4. The monolithic, wideband, millimeter-wave radome according to claim 1, wherein the lattice layer comprises at least one of a rectangular lattice, a woodpile lattice and a diamond lattice.

5. The monolithic, wideband, millimeter-wave radome according to claim 1, wherein the lattice layer comprises first and second lattice layers formed on opposite exterior surfaces of the solid layer.

6. A monolithic, wideband, millimeter-wave radome, comprising:

multiple solid layers formed of a single material; and

multiple lattice layers formed of the single material and disposed on respective exterior surfaces of corresponding ones of the multiple solid layers,

wherein each of the multiple lattice layers comprises void regions formed from selective omission of the single material during lattice layer buildups.

7. The monolithic, wideband, millimeter-wave radome according to claim 6, wherein the single material comprises at least one of Polyether Ether Ketone (PEEK), Polyether Ketone Ketone (PEKK), acrylonitrile butadiene styrene, Nylon and Ultem™ 9085.

8. The monolithic, wideband, millimeter-wave radome according to claim 6, wherein the multiple lattice layers each have a dielectric constant ∈eff in which:

∈eff=f∈R+(1−f)∈void,

where ∈R is a dielectric constant of the multiple solid layers, ∈void is a dielectric constant of the void regions and f is a volume fill fraction of the single material in the multiple lattice layers.

9. The monolithic, wideband, millimeter-wave radome according to claim 6, wherein at least one of the multiple lattice layers comprises at least one of a rectangular lattice, a woodpile lattice and a diamond lattice.

10. The monolithic, wideband, millimeter-wave radome according to claim 6, wherein at least first and second ones of the multiple lattice layers are formed on opposite exterior surfaces of one of the solid layers.

11. A monolithic, wideband, millimeter-wave radome fabrication method, comprising:

laying down a single material in a layer-by-layer and side-to-side pattern to form a solid layer; and

laying down the single material in a layer-by-layer and side-to-side pattern to form a lattice layer on an exterior surface of the solid layer,

wherein the laying down of the single material to form the lattice layer comprises selectively omitting the single material during buildup of the lattice layer to develop void regions therein.
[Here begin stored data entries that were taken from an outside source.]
lemma multiplier_gap:
  obtains \<delta> :: real where "\<delta> > 0"
    and "\<And>N. N \<in> hecke_mats p \<Longrightarrow> fixed_by N x \<Longrightarrow> 1 < \<bar>multiplier N x\<bar> \<Longrightarrow>
           1 + \<delta> \<le> \<bar>multiplier N x\<bar>"
proof -
  obtain a0 b0 c0 d0 where M0: "M0 = M2 a0 b0 c0 d0" and "c0 \<noteq> 0" by (rule M0_lower_left)
  define \<mu> where "\<mu> = multiplier M0 x"
  have "1 / \<bar>\<mu>\<bar> < 1" "1 < \<bar>\<mu>\<bar>" using M0_multiplier unfolding \<mu>_def by simp_all
  then have D: "\<bar>\<mu> - 1 / \<mu>\<bar> > 0" using abs_diff_inverse[of \<mu>] by linarith
  have "1 + \<bar>\<mu> - 1 / \<mu>\<bar> / (2 * \<bar>c0\<bar>) \<le> \<bar>multiplier N x\<bar>"
    if N: "N \<in> hecke_mats p" "fixed_by N x" and gt: "1 < \<bar>multiplier N x\<bar>" for N
  proof -
    obtain a b c d where N_eq: "N = M2 a b c d" by (cases N)
    define v where "v = multiplier N x"
    have rel: "c * (\<mu> - 1 / \<mu>) = c0 * (v - 1 / v)"
      using stabilizer_lower_left[OF N[unfolded N_eq] M0] unfolding \<mu>_def v_def N_eq .
    have "1 / \<bar>v\<bar> < 1" "1 < \<bar>v\<bar>" using gt unfolding v_def by simp_all
    then have "\<bar>v - 1 / v\<bar> > 0" using abs_diff_inverse[of v] by linarith
    then have "v - 1 / v \<noteq> 0" by simp
    then have "c \<noteq> 0" using rel \<open>c0 \<noteq> 0\<close> by auto
    then have "1 \<le> \<bar>c\<bar>" using hecke_mats_lower_left[OF N(1)[unfolded N_eq] p] by simp
    then have "\<bar>\<mu> - 1 / \<mu>\<bar> \<le> \<bar>c\<bar> * \<bar>\<mu> - 1 / \<mu>\<bar>"
      using D by (simp add: mult_le_cancel_right1)
    also have "\<dots> = \<bar>c0\<bar> * \<bar>v - 1 / v\<bar>" using rel by (simp flip: abs_mult)
    also have "\<dots> \<le> \<bar>c0\<bar> * (2 * (\<bar>v\<bar> - 1))"
      using abs_diff_inverse[of v] diff_inverse_le[of "\<bar>v\<bar>"] gt unfolding v_def
      by (simp add: mult_left_mono)
    finally show ?thesis using \<open>c0 \<noteq> 0\<close> unfolding v_def by (simp add: field_simps)
  qed
  then show ?thesis using that[of "\<bar>\<mu> - 1 / \<mu>\<bar> / (2 * \<bar>c0\<bar>)"] D \<open>c0 \<noteq> 0\<close> by simp
qed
12. The method according to claim 11, wherein the laying down of the single material comprises one of fused deposition modeling (FDM), selective laser sintering (SLS) and stereolithography (SLA).

13. The method according to claim 11, wherein the single material comprises at least one of Polyether Ether Ketone (PEEK), Polyether Ketone Ketone (PEKK), acrylonitrile butadiene styrene, Nylon and Ultem™ 9085.

14. The method according to claim 11, wherein the selective omitting of the single material achieves a dielectric constant ∈eff of the lattice layer in which:

∈eff=f∈R+(1−f)∈void,

where ∈R is a dielectric constant of the solid layer, ∈void is a dielectric constant of the void regions and f is a volume fill fraction of the single material in the lattice layer.

15. The method according to claim 11, wherein the laying down of the single material to form the lattice layer comprises forming a rectangular lattice.

16. The method according to claim 11, wherein the laying down of the single material to form the lattice layer comprises forming a woodpile lattice.

17. The method according to claim 11, wherein the laying down of the single material to form the lattice layer comprises forming a diamond lattice.

18. The method according to claim 13, wherein the laying down of the single material forms a B-sandwich configuration.

19. The method according to claim 13, further comprising:

laying down the single material in the layer-by-layer and side-to-side pattern to form multiple solid layers; and

laying down the single material in the layer-by-layer and side-to-side pattern to form multiple lattice layers on respective exterior surfaces of corresponding ones of the multiple solid layers,

wherein the laying down of the single material to form the multiple lattice layers comprises selectively omitting the single material during buildup of the multiple lattice layers to develop void regions therein.

20. The method according to claim 13, wherein the laying down of the single material forms multiple B-sandwich configurations.